25 Jun fK 2/09 Sabo
Auch Clowns brauchen ein Dach über der Nase
Der Dachverband Clowns für Kinder im Krankenhaus Deutschland e.V.
von Gabi Sabo
Seit über zehn Jahren bekommt das deutsche Gesundheitssystem Unterstützung durch die private Hand, und das in einem unerwarteten und unerwartet umfangreichen Maße. Wenn nämlich plötzlich auf Kinderstationen lauthals gelacht und gequietscht wird, sind ganz besondere „Lachdoktoren“ meist nicht weit. Von Jahr zu Jahr absolvieren mehr Klinikclowns ihre lustigen Visiten in Krankenhäusern und übrigens auch in Seniorenheimen.
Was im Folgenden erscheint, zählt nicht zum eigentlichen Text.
lemma matrix_mult_diag_mat_mult_nth:
  "(A ** diag_mat d ** C) $ r $ q = (\<Sum>s\<in>UNIV. A $ r $ s * d s * C $ s $ q)"
  by (simp add: diag_mat_def matrix_matrix_mult_def if_distrib[of "\<lambda>x. _ * x"] cong: if_cong)

lemma matrix_inv_eqI:
  fixes A H :: "'a::field^'n^'n"
  assumes "H ** A = mat 1"
  shows "matrix_inv A = H"
proof -
  have AH: "A ** H = mat 1"
    using assms matrix_left_right_inverse by blast
  have "A ** matrix_inv A = mat 1 \<and> matrix_inv A ** A = mat 1"
    unfolding matrix_inv_def by (rule someI[of _ H]) (use assms AH in blast)
  then have "H ** (A ** matrix_inv A) = H"
    by simp
  then show ?thesis
    by (simp add: matrix_mul_assoc assms)
qed

lemma matrix_inv_congruence_diag:
  fixes L B :: "'a::field^'n^'n"
  assumes LB: "L ** B = mat 1" and d: "\<And>i. d i \<noteq> 0"
  shows "matrix_inv (B ** diag_mat d ** transpose B)
    = transpose L ** diag_mat (\<lambda>i. inverse (d i)) ** L"
proof (rule matrix_inv_eqI)
  let ?D' = "diag_mat (\<lambda>i. inverse (d i))"
  have D'D: "?D' ** diag_mat d = mat 1"
    using d by (simp only: diag_mat_mult) (simp add: mat_def diag_mat_def)
  have "transpose L ** ?D' ** L ** (B ** diag_mat d ** transpose B)
      = transpose L ** ?D' ** (L ** B) ** diag_mat d ** transpose B"
    by (simp add: matrix_mul_assoc)
  also have "\<dots> = transpose L ** (?D' ** diag_mat d) ** transpose B"
    by (simp add: LB matrix_mul_assoc)
  also have "\<dots> = transpose (B ** L)"
    by (simp add: D'D matrix_transpose_mul)
  also have "\<dots> = mat 1"
    using LB by (simp add: matrix_left_right_inverse[of L B])
  finally show "transpose L ** ?D' ** L ** (B ** diag_mat d ** transpose B) = mat 1" .
qed
(* Let $P_0,\dots,P_n$ be a transformation sequence constructed by using the transformation rules R1–R9 (defined in the context), and let $p$ be a non-basic predicate in $P_n$. Assume that: 1. if the folding rule is applied for the derivation of a clause $C$ in program $P_{k+1}$ from clauses $C_1,\dots,C_m$ in program $P_k$ using clauses $D_1,\dots,D_m$ in $\mathit{Defs}_k$, with $0\le k<n$, then for every $i\in\{1,\dots,m\}$ there exists $j\in\{1,\dots,n-1\}$ such that $D_i$ occurs in $P_j$ and $P_{j+1}$ is derived from $P_j$ by unfolding $D_i$; 2. during the transformation sequence $P_0,\dots,P_n$ the definition elimination rule either is never applied or it is applied w.r.t. predicate $p$ once only, in the last step, i.e. when deriving $P_n$ from $P_{n-1}$. Then, for every ground atom $A$ with predicate $p$, $M(P_0\cup\mathit{Defs}_n)\models A$ iff $M(P_n)\models A$.
   Context: Syntax. There are infinite, pairwise disjoint sets of variables, function symbols (each with an arity) and predicate symbols (each with an arity). The predicate symbols $\mathit{true}$ (arity 0), $=$ and $\neq$ (arity 2) are basic; all other predicate symbols are non-basic. Terms are built from variables and function symbols. A basic atom is $\mathit{true}$, $t_1=t_2$ (an equation) or $t_1\neq t_2$ (a disequation); a non-basic atom is $p(t_1,\dots,t_m)$ with $p$ non-basic. A goal is a conjunction $G_1,G_2$ of atoms, where "," is associative with neutral element $\mathit{true}$. A clause $C$ is $A\leftarrow G$ with $A$ a non-basic atom (its head $hd(C)$) and $G$ a goal (its body $bd(C)$); it is a clause for $p$ if its head has predicate $p$. A program is a set of clauses. In a program $P$, $p$ depends on $q$ iff $(p,q)$ is in the transitive closure of the relation "some clause for $p$ in $P$ has $q$ in its body"; $p$ depends on a clause $C$ iff either $C$ is a clause for $p$ or $C$ is a clause for some $q$ on which $p$ depends. A renamed apart clause is a variant of a clause whose variables are fresh. All mgu's are relevant and idempotent. Declarative semantics. An $\mathcal H$-interpretation is a set $I$ of ground non-basic atoms. $I\models \mathit{true}$; $I\models t=t$ for every ground term $t$; $I\models t_1\neq t_2$ for distinct ground terms $t_1,t_2$; $I\models A$ iff $A\in I$ for ground non-basic $A$; $I\models G_1,G_2$ iff $I\models G_1$ and $I\models G_2$; $I\models C$ for a ground clause iff $I\models hd(C)$ or $I\not\models bd(C)$; $I\models P$ iff $I\models C$ for every ground instance $C$ of a clause of $P$. $M(P)$ denotes the least (w.r.t. inclusion) $\mathcal H$-interpretation $I$ with $I\models P$. Transformation rules. A transformation sequence is a sequence of programs $P_0,\dots,P_n$ where for each $k<n$, $P_{k+1}$ is derived from $P_k$ by one of the rules below. $\mathit{Defs}_k$ is the set of clauses (definition clauses) introduced by R1 during the construction of $P_0,\dots,P_k$ ($\mathit{Defs}_0=\emptyset$). R1 (Definition introduction): $P_{k+1}=P_k\cup\{D_1,\dots,D_m\}$, $m\ge1$, where $D_j$ is $\mathit{newp}(X_1,\dots,X_h)\leftarrow \mathit{Body}_j$, $\mathit{newp}$ is a non-basic predicate not occurring in $P_0,\dots,P_k$, $X_1,\dots,X_h$ are distinct variables each occurring in some $\mathit{Body}_j$, every non-basic predicate in each $\mathit{Body}_j$ occurs in $P_0$, and each $\mathit{Body}_j$ contains at least one non-basic atom. R2 (Definition elimination w.r.t. $p$): $P_{k+1}=\{C\in P_k\mid p \text{ depends on } C\}$. R3 (Unfolding): let $C$ be a renamed apart clause $H\leftarrow G_1,A,G_2$ of $P_k$ with $A$ non-basic, and let $C_1,\dots,C_m$ ($m\ge0$) be the clauses of $P_k$ whose heads unify with $A$, via mgu's $\vartheta_1,\dots,\vartheta_m$; then $P_{k+1}=(P_k-\{C\})\cup\{D_1,\dots,D_m\}$ with $D_i=(H\leftarrow G_1,bd(C_i),G_2)\vartheta_i$. R4 (Folding): let $C_i: H\leftarrow G_1,\mathit{Body}_i\vartheta,G_2$ ($i=1,\dots,m$) be renamed clauses of $P_k$ and $D_i:\mathit{newp}(X_1,\dots,X_h)\leftarrow \mathit{Body}_i$ ($i=1,\dots,m$) be all clauses of $\mathit{Defs}_k$ with head predicate $\mathit{newp}$, such that for every $i$ and every variable $X$ of $\mathit{Body}_i$ not in $\{X_1,\dots,X_h\}$: $X\vartheta$ is a variable not occurring in $(H,G_1,G_2)$, and $X\vartheta$ does not occur in $Y\vartheta$ for any variable $Y\neq X$ of $\mathit{Body}_i$. Then $P_{k+1}=(P_k-\{C_1,\dots,C_m\})\cup\{E\}$ with $E: H\leftarrow G_1,\mathit{newp}(X_1,\dots,X_h)\vartheta,G_2$. R5 (Subsumption): a clause $H\leftarrow G_1$ subsumes $(H\leftarrow G_1,G_2)\vartheta$ for any substitution $\vartheta$; $P_{k+1}$ is $P_k$ minus a clause subsumed by another clause of $P_k$. R6 (Head generalization): for a clause $C: H\{X/t\}\leftarrow \mathit{Body}$ in $P_k$ where $X$ occurs in $H$ and $X$ does not occur in $C$, replace $C$ by $H\leftarrow X=t,\mathit{Body}$. R7 (Case split): for a clause $C: H\leftarrow \mathit{Body}$ in $P_k$ and a binding $X/t$ with $X$ not occurring in $t$, replace $C$ by the two clauses $(H\leftarrow\mathit{Body})\{X/t\}$ and $H\leftarrow X\neq t,\mathit{Body}$. R8 (Equation elimination): for $C_1: H\leftarrow G_1,t_1=t_2,G_2$ in $P_k$: if $t_1,t_2$ unify with mgu $\vartheta$, replace $C_1$ by $(H\leftarrow G_1,G_2)\vartheta$; otherwise delete $C_1$. R9 (Disequation replacement), for a clause $C$ of $P_k$: (1) if $C$ is $H\leftarrow G_1,t_1\neq t_2,G_2$ with $t_1,t_2$ not unifiable, replace it by $H\leftarrow G_1,G_2$; (2) if $C$ is $H\leftarrow G_1,f(t_1,\dots,t_m)\neq f(u_1,\dots,u_m),G_2$, replace it by the $m$ clauses $H\leftarrow G_1,t_i\neq u_i,G_2$; (3) if $C$ is $H\leftarrow G_1,X\neq X,G_2$, remove it; (4) if $C$ is $H\leftarrow G_1,t\neq X,G_2$, replace it by $H\leftarrow G_1,X\neq t,G_2$; (5) if $C$ is $H\leftarrow G_1,X\neq t_1,G_2,X\neq t_2,G_3$ and there is a bijection $\rho$ from the local variables of $X\neq t_1$ in $C$ onto those of $X\neq t_2$ in $C$ with $t_1\rho=t_2$, replace it by $H\leftarrow G_1,X\neq t_1,G_2,G_3$. (A variable $X$ is a local variable of goal $G$ in clause $H\leftarrow G_1,G,G_2$ iff $X\in vars(G)-vars(H,G_1,G_2)$.) *)

theory Defs
  imports Main
begin

section \<open>Syntax\<close>

text \<open>Variables and symbol names are natural numbers (infinite, pairwise disjoint sorts).
  A function (predicate) symbol is identified by its name together with its arity,
  i.e. by the name and the number of arguments it is applied to.\<close>

datatype trm = Var nat | Fn nat "trm list"

text \<open>The basic atom true is the neutral element of conjunction and is represented by
  the empty goal (goals are lists of atoms, conjunction is list append).\<close>
datatype atom = Eq trm trm | Neq trm trm | Rel nat "trm list"

type_synonym goal = "atom list"
type_synonym hatom = "nat \<times> trm list"   \<comment> \<open>non-basic atom (head)\<close>
type_synonym pred = "nat \<times> nat"        \<comment> \<open>non-basic predicate: name and arity\<close>

datatype clause = Cl (hd: hatom) (bd: goal)

type_synonym program = "clause set"

fun tvars :: "trm \<Rightarrow> nat set" where
  "tvars (Var x) = {x}"
| "tvars (Fn f ts) = (\<Union>t\<in>set ts. tvars t)"

definition tsvars :: "trm list \<Rightarrow> nat set" where
  "tsvars ts = (\<Union>t\<in>set ts. tvars t)"

fun avars :: "atom \<Rightarrow> nat set" where
  "avars (Eq t u) = tvars t \<union> tvars u"
| "avars (Neq t u) = tvars t \<union> tvars u"
| "avars (Rel p ts) = tsvars ts"

definition gvars :: "goal \<Rightarrow> nat set" where
  "gvars G = (\<Union>a\<in>set G. avars a)"

definition hvars :: "hatom \<Rightarrow> nat set" where
  "hvars H = tsvars (snd H)"

definition cvars :: "clause \<Rightarrow> nat set" where
  "cvars C = hvars (hd C) \<union> gvars (bd C)"

definition hpred :: "hatom \<Rightarrow> pred" where
  "hpred H = (fst H, length (snd H))"

fun apred :: "atom \<Rightarrow> pred set" where
  "apred (Rel p ts) = {(p, length ts)}"
| "apred _ = {}"

definition gpreds :: "goal \<Rightarrow> pred set" where
  "gpreds G = (\<Union>a\<in>set G. apred a)"

definition is_nonbasic :: "atom \<Rightarrow> bool" where
  "is_nonbasic a = (\<exists>p ts. a = Rel p ts)"
(* Let $g:\mathbb{R}^n\to\mathbb{R}\cup\{+\infty\}$ be a proper closed convex function and let $f=f_1-f_2$, where $f_1,f_2:\mathbb{R}^n\to\mathbb{R}$ are convex differentiable functions such that $\nabla f_1$ is Lipschitz continuous with modulus $L>0$, $\nabla f_2$ is Lipschitz continuous with modulus $l\ge 0$, and $L\ge l$. Let $F=f+g$, and assume $\inf F>-\infty$ and that this infimum is attained. Let $\mathcal X=\{x:0\in\nabla f(x)+\partial g(x)\}$ be the set of stationary points, and suppose: (a) (error bound) for any $\xi\ge\inf F$ there exist $\epsilon>0$ and $\tau>0$ such that $\operatorname{dist}(x,\mathcal X)\le\tau\|\mathrm{Prox}_{\frac1L g}(x-\tfrac1L\nabla f(x))-x\|$ whenever $\|\mathrm{Prox}_{\frac1L g}(x-\tfrac1L\nabla f(x))-x\|<\epsilon$ and $F(x)\le\xi$; (b) there exists $\delta>0$ such that $\|x-y\|\ge\delta$ whenever $x,y\in\mathcal X$ and $F(x)\ne F(y)$. Let $\{x^k\}$ be generated by Algorithm 1 (described in the context) with $\bar\beta:=\sup_k\beta_k<\sqrt{L/(L+l)}$, and let $\alpha\in\big(\tfrac{L+l}{2}\bar\beta^2,\tfrac L2\big)$. Then: (i) $\lim_{k\to\infty}\operatorname{dist}(x^k,\mathcal X)=0$; (ii) the sequence $\{H_{k,\alpha}\}$ is $Q$-linearly convergent.
   Context: $\partial g$ denotes the convex subdifferential; $\operatorname{dist}(x,\mathcal X)=\inf_{y\in\mathcal X}\|x-y\|$. For a proper closed convex $h$, $\mathrm{Prox}_h(v)=\arg\min_{x\in\mathbb{R}^n}\{h(x)+\tfrac12\|x-v\|^2\}$. Algorithm 1 (proximal gradient algorithm with extrapolation): choose $x^0\in\operatorname{dom} g$ and $\{\beta_k\}\subseteq[0,\sqrt{L/(L+l)}]$, set $x^{-1}=x^0$, and for $k=0,1,2,\dots$ set $y^k=x^k+\beta_k(x^k-x^{k-1})$ and $x^{k+1}=\mathrm{Prox}_{\frac1L g}\big(y^k-\tfrac1L\nabla f(y^k)\big)$. For $\alpha\ge0$, $H_{k,\alpha}:=F(x^k)+\alpha\|x^k-x^{k-1}\|^2$. A real sequence $\{a_k\}$ converges $Q$-linearly to $a^*$ if there exist $c\in(0,1)$ and $k_0$ such that $|a_{k+1}-a^*|\le c|a_k-a^*|$ for all $k\ge k_0$. *)

theory Defs
  imports "HOL-Analysis.Analysis"
begin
Ihre Besuche finanzieren sich ausschließlich über Spenden und sind in vielen Institutionen zu einem wichtigen Faktor für das Wohlbefinden der Patienten und alten Menschen geworden. Um diese Lachkraft zu stärken, haben sich die Klinikclowns zu einem Dachverband zusammengetan.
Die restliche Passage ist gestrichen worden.